Die größere Flexibilität könnte zur Herausbildung einer differenzierteren Struktur führen. Aber am wichtigsten ist, dass zwischen den auf unterschiedlichen Gebieten abweichend erscheinenden Integrationsniveaus immer die Freiheit und tatsächliche Möglichkeit des Übergangs gewährleistet bleibt. Geduld, Toleranz, Flexibilität, Selektivität und – wenn es sein muss – größere Unterscheidbarkeit. Wir müssen das Wesentliche nicht nur bewahren, sondern weiterbauen. Wir und unsere Nachkommen.

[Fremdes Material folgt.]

lemma nn_integral_split_unit_intervals:
  fixes f :: "real \<Rightarrow> ennreal"
  assumes [measurable]: "f \<in> borel_measurable borel"
  shows "(\<integral>\<^sup>+y. indicator {0..<of_int q} y * f y \<partial>lborel)
    = (\<integral>\<^sup>+x. indicator {0..<1} x * (\<Sum>j\<in>{0..<q}. f (x + of_int j)) \<partial>lborel)"
proof -
  have unit_intervals: "indicator {0..<of_int q} y
      = (\<Sum>j\<in>{0..<q}. indicator {of_int j..<of_int j + 1} y :: ennreal)" for y :: real
  proof -
    have "(\<Sum>j\<in>{0..<q}. indicator {of_int j..<of_int j + 1} y :: ennreal)
        = (\<Sum>j\<in>{0..<q}. if \<lfloor>y\<rfloor> = j then 1 else 0)"
      using floor_unique[of _ y] by (intro sum.cong refl) (auto simp: indicator_def)
    also have "\<dots> = indicator {0..<of_int q} y"
      by (auto simp: indicator_def floor_less_iff le_floor_iff)
    finally show ?thesis ..
  qed
  have "(\<integral>\<^sup>+y. indicator {0..<of_int q} y * f y \<partial>lborel)
      = (\<Sum>j\<in>{0..<q}. \<integral>\<^sup>+y. indicator {of_int j..<of_int j + 1} y * f y \<partial>lborel)"
    unfolding unit_intervals sum_distrib_right by (rule nn_integral_sum) auto
  also have "\<dots> = (\<Sum>j\<in>{0..<q}. \<integral>\<^sup>+x. indicator {0..<1} x * f (x + of_int j) \<partial>lborel)"
  proof (intro sum.cong refl)
    fix j
    show "(\<integral>\<^sup>+y. indicator {of_int j..<of_int j + 1} y * f y \<partial>lborel)
        = (\<integral>\<^sup>+x. indicator {0..<1} x * f (x + of_int j) \<partial>lborel)"
      by (subst nn_integral_lborel_translate[of _ "of_int j"])
        (auto intro!: nn_integral_cong simp: indicator_def)
  qed
  also have "\<dots> = (\<integral>\<^sup>+x. indicator {0..<1} x * (\<Sum>j\<in>{0..<q}. f (x + of_int j)) \<partial>lborel)"
    unfolding sum_distrib_left by (rule nn_integral_sum[symmetric]) auto
  finally show ?thesis .
qed

lemma nn_integral_unit_interval_dilate:
  fixes f :: "real \<Rightarrow> ennreal"
  assumes [measurable]: "f \<in> borel_measurable borel" and "c > 0"
  shows "ennreal c * (\<integral>\<^sup>+t. indicator {0..1} t * f (c * t) \<partial>lborel)
    = (\<integral>\<^sup>+y. indicator {0..<c} y * f y \<partial>lborel)"
proof -
  have "(\<integral>\<^sup>+y. indicator {0..<c} y * f y \<partial>lborel) = (\<integral>\<^sup>+y. indicator {0..c} y * f y \<partial>lborel)"
    using AE_lborel_singleton[of c]
    by (intro nn_integral_cong_AE) (auto elim!: eventually_mono simp: indicator_def)
  also have "\<dots> = ennreal c * (\<integral>\<^sup>+t. indicator {0..c} (0 + c * t) * f (0 + c * t) \<partial>lborel)"
    using \<open>c > 0\<close> by (subst nn_integral_real_affine[of _ c 0]) auto
  also have "\<dots> = ennreal c * (\<integral>\<^sup>+t. indicator {0..1} t * f (c * t) \<partial>lborel)"
    using \<open>c > 0\<close> by (auto simp: indicator_def zero_le_mult_iff intro!: nn_integral_cong)
  finally show ?thesis ..
qed

lemma emeasure_circle_ball:
  "emeasure lborel ({0..<1} \<inter> circle_ball c \<rho>) = ennreal (circle_ball_length \<rho>)"
proof -
  have "emeasure lborel ({0..<1} \<inter> circle_ball c \<rho>)
      = (\<integral>\<^sup>+x. indicator {0..<1} x * indicator (circle_ball c \<rho>) (x + (c - 1/2)) \<partial>lborel)"
    by (subst nn_integral_unit_interval_periodic_shift)
      (auto simp: indicator_inter_arith indicator_def[of "circle_ball c \<rho>"]
        simp flip: nn_integral_indicator)
  also have "\<dots> = emeasure lborel ({0..<1} \<inter> circle_ball (1/2) \<rho>)"
    by (simp add: indicator_def[of "circle_ball _ _"] add_mem_circle_ball_iff indicator_inter_arith
        flip: nn_integral_indicator)
  also have "\<dots> = ennreal (circle_ball_length \<rho>)"
  proof (cases "\<rho> \<le> 1/2")
    case True
    have "{0..<1} \<inter> circle_ball (1/2) \<rho> = {1/2 - \<rho> <..< 1/2 + \<rho>}"
    proof (intro set_eqI iffI)
      fix x assume "x \<in> {0..<1} \<inter> circle_ball (1/2) \<rho>"
      then obtain n :: int where "0 \<le> x" "x < 1" "\<bar>x + of_int n - 1/2\<bar> < \<rho>"
        unfolding circle_ball_def by auto
      moreover from this have "n = 0"
        using True by (auto simp: abs_less_iff)
      ultimately show "x \<in> {1/2 - \<rho> <..< 1/2 + \<rho>}"
        by auto
    next
      fix x assume "x \<in> {1/2 - \<rho> <..< 1/2 + \<rho>}"
      then show "x \<in> {0..<1} \<inter> circle_ball (1/2) \<rho>"
        using True unfolding circle_ball_def by (auto intro!: exI[of _ 0])
    qed
    then show ?thesis
      using True by (simp add: circle_ball_length_def)
  next
    case False
    then have "{0..<1} \<inter> circle_ball (1/2) \<rho> = {0..<1}"
      unfolding circle_ball_def by (auto intro!: exI[of _ 0])
    then show ?thesis
      using False by (simp add: circle_ball_length_def)
  qed
  finally show ?thesis .
qed

lemma torus_measure_torus_ball:
  fixes c :: "real ^ 'm"
  shows "torus_measure (torus_ball c \<rho>) = circle_ball_length \<rho> ^ CARD('m)"
proof -
  have "torus_ball c \<rho> \<inter> {x. \<forall>i. 0 \<le> x $ i \<and> x $ i < 1}
      = {x. \<forall>i. x $ i \<in> {0..<1} \<inter> circle_ball (c $ i) \<rho>}"
    by (auto simp: torus_ball_eq_vector_box)
  then have "torus_measure (torus_ball c \<rho>)
      = (\<Prod>i\<in>UNIV. measure lborel ({0..<1} \<inter> circle_ball (c $ i) \<rho>))"
    unfolding torus_measure_def by (simp only:) (rule measure_lebesgue_vector_box, simp)
  then show ?thesis
    by (simp add: measure_def emeasure_circle_ball circle_ball_length_nonneg)
qed

lemma card_floor_ceiling_interval_le:
  fixes a b :: real
  assumes "a \<le> b"
  shows "real (card {\<lfloor>a\<rfloor> <..< \<lceil>b\<rceil>}) \<le> b - a + 1"
proof -
  have "real (card {\<lfloor>a\<rfloor> <..< \<lceil>b\<rceil>}) = real (nat (\<lceil>b\<rceil> - (\<lfloor>a\<rfloor> + 1)))"
    by simp
  also have "\<dots> \<le> b - a + 1"
    using assms ceiling_correct[of b] floor_correct[of a] by linarith
  finally show ?thesis .
qed

lemma div_mem_atLeastLessThan_int:
  fixes j q g :: int
  assumes "q > 0" and "j \<in> {0..<q * g}"
  shows "j div q \<in> {0..<g}"
proof -
  have "q * (j div q) \<le> j"
    using mult_div_mod_eq[of q j] pos_mod_sign[OF \<open>q > 0\<close>, of j] by linarith
  also have "j < q * g"
    using assms by simp
  finally show ?thesis
    using assms by (simp add: pos_imp_zdiv_nonneg_iff mult_less_cancel_left_pos)
qed

lemma inj_on_coprime_residue_div:
  fixes r q :: int
  assumes "coprime r q"
  shows "inj_on (\<lambda>j. (r * j + n j * q, j div q)) A"
proof (rule inj_onI)
  fix j j' assume eq: "(r * j + n j * q, j div q) = (r * j' + n j' * q, j' div q)"
  then have "r * (j - j') = q * (n j' - n j)"
    by (simp add: algebra_simps)
  then have "q dvd j - j'"
    using assms by (metis coprime_commute coprime_dvd_mult_right_iff dvd_triv_left)
  then have "j mod q = j' mod q"
    by (simp add: mod_eq_dvd_iff)
  with eq show "j = j'"
    by (metis div_mult_mod_eq prod.inject)
qed

lemma card_residues_in_interval_le:
  fixes q r :: int and a b :: real
  assumes q: "q > 0" and "a \<le> b" and A: "A \<subseteq> {0..<q}"
    and hit: "\<And>j. j \<in> A \<Longrightarrow> \<exists>n::int. a < of_int (r * j + n * q) \<and> of_int (r * j + n * q) < b"
  shows "real (card A) \<le> b - a + of_int (gcd r q)"
proof -
  define g where "g = gcd r q"
  have g: "g > 0"
    using q by (simp add: g_def)
  obtain r' q' where rg: "r = r' * g" and qg: "q = q' * g" and coprime: "coprime r' q'"
    using gcd_coprime_exists[of r q] g unfolding g_def by auto
  have q': "q' > 0"
    using q g qg by (simp add: zero_less_mult_iff)
  have "\<forall>j\<in>A. \<exists>n::int. a < of_int (r * j + n * q) \<and> of_int (r * j + n * q) < b"
    using hit by blast
  then obtain n where n: "\<And>j. j \<in> A \<Longrightarrow> a < of_int (r * j + n j * q) \<and> of_int (r * j + n j * q) < b"
    by metis
  define I where "I = {\<lfloor>a / of_int g\<rfloor> <..< \<lceil>b / of_int g\<rceil>}"
  have "(\<lambda>j. (r' * j + n j * q', j div q')) ` A \<subseteq> I \<times> {0..<g}"
  proof (rule image_subsetI)
    fix j assume "j \<in> A"
    have "real_of_int (r * j + n j * q) = of_int g * of_int (r' * j + n j * q')"
      by (simp add: rg qg algebra_simps)
    with n[OF \<open>j \<in> A\<close>] g have "r' * j + n j * q' \<in> I"
      by (simp add: I_def floor_less_iff less_ceiling_iff field_simps)
    moreover have "j div q' \<in> {0..<g}"
      using \<open>j \<in> A\<close> A q' qg by (intro div_mem_atLeastLessThan_int) auto
    ultimately show "(r' * j + n j * q', j div q') \<in> I \<times> {0..<g}"
      by simp
  qed
  then have "card A \<le> card (I \<times> {0..<g})"
    by (intro card_inj_on_le[OF inj_on_coprime_residue_div[OF coprime]]) (simp_all add: I_def)
  then have "real (card A) \<le> real (card I * nat g)"
    by (simp only: of_nat_le_iff card_cartesian_product card_atLeastLessThan_int diff_zero)
  also have "\<dots> = real (card I) * of_int g"
    using g by simp
  also have "\<dots> \<le> (b / of_int g - a / of_int g + 1) * of_int g"
    using g \<open>a \<le> b\<close> unfolding I_def
    by (intro mult_right_mono card_floor_ceiling_interval_le) (auto simp: divide_right_mono)
  also have "\<dots> = b - a + of_int g"
    using g by (simp add: field_simps)
  finally show ?thesis
    unfolding g_def .
qed

lemma card_circle_ball_hits_le:
  fixes q r :: int and z c \<rho> :: real
  assumes q: "q > 0" and r: "r \<noteq> 0" and \<rho>: "\<rho> \<ge> 0"
  shows "real (card {j\<in>{0..<q}. z + of_int r * of_int j / of_int q \<in> circle_ball c \<rho>})
    \<le> 2 * \<rho> * of_int q + of_int (gcd r q)"
proof -
  have "\<exists>n::int. of_int q * (c - z - \<rho>) < of_int (r * j + n * q)
      \<and> of_int (r * j + n * q) < of_int q * (c - z + \<rho>)"
    if hit: "z + of_int r * of_int j / of_int q \<in> circle_ball c \<rho>" for j
  proof -
    obtain n :: int where "\<bar>z + of_int r * of_int j / of_int q + of_int n - c\<bar> < \<rho>"
      using hit unfolding circle_ball_def by blast
    then have "\<bar>z + of_int (r * j + n * q) / of_int q - c\<bar> < \<rho>"
      using q by (simp add: add_divide_distrib)
    then show ?thesis
      using q by (intro exI[of _ n]) (simp add: abs_less_iff field_simps)
  qed
  then have "real (card {j\<in>{0..<q}. z + of_int r * of_int j / of_int q \<in> circle_ball c \<rho>})
      \<le> of_int q * (c - z + \<rho>) - of_int q * (c - z - \<rho>) + of_int (gcd r q)"
    using q \<rho> by (intro card_residues_in_interval_le[OF q]) auto
  then show ?thesis
    by (simp add: algebra_simps)
qed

Neu zu denken und wiederaufzubauen ist notwendig und unumgänglich, aber zerstören dürfen wir nicht. Vor allem wir Mitteleuropäer können uns das nicht erlauben und werden es auch nicht tun. Es ist ein historisches Glück, dass der Präsident des Europäischen Rates gerade ein Pole ist. Vielleicht liegt ein weiteres Signal darin, dass seit dem 1. Juli die Slowakei turnusmäßig die EU-Ratspräsidentschaft übernommen hat.

E-Mails an:debatte@diepresse.com

DER AUTOR



János Martonyi
(* 1944 in Kolozsvár/Cluj in Rumänien) studierte Rechtswissenschaften und arbeitete als Rechtsanwalt. 1988 trat er der ungarischen KP bei, 2003 dem konservativen Ungarischen Bürgerbund (Fidesz). Er diente unter Viktor Orbán von 1998 bis 2002 und dann wieder von 2010 bis 2014 als ungarischer Außenminister. [ APA ]

("Die Presse", Print-Ausgabe, 13.07.2016)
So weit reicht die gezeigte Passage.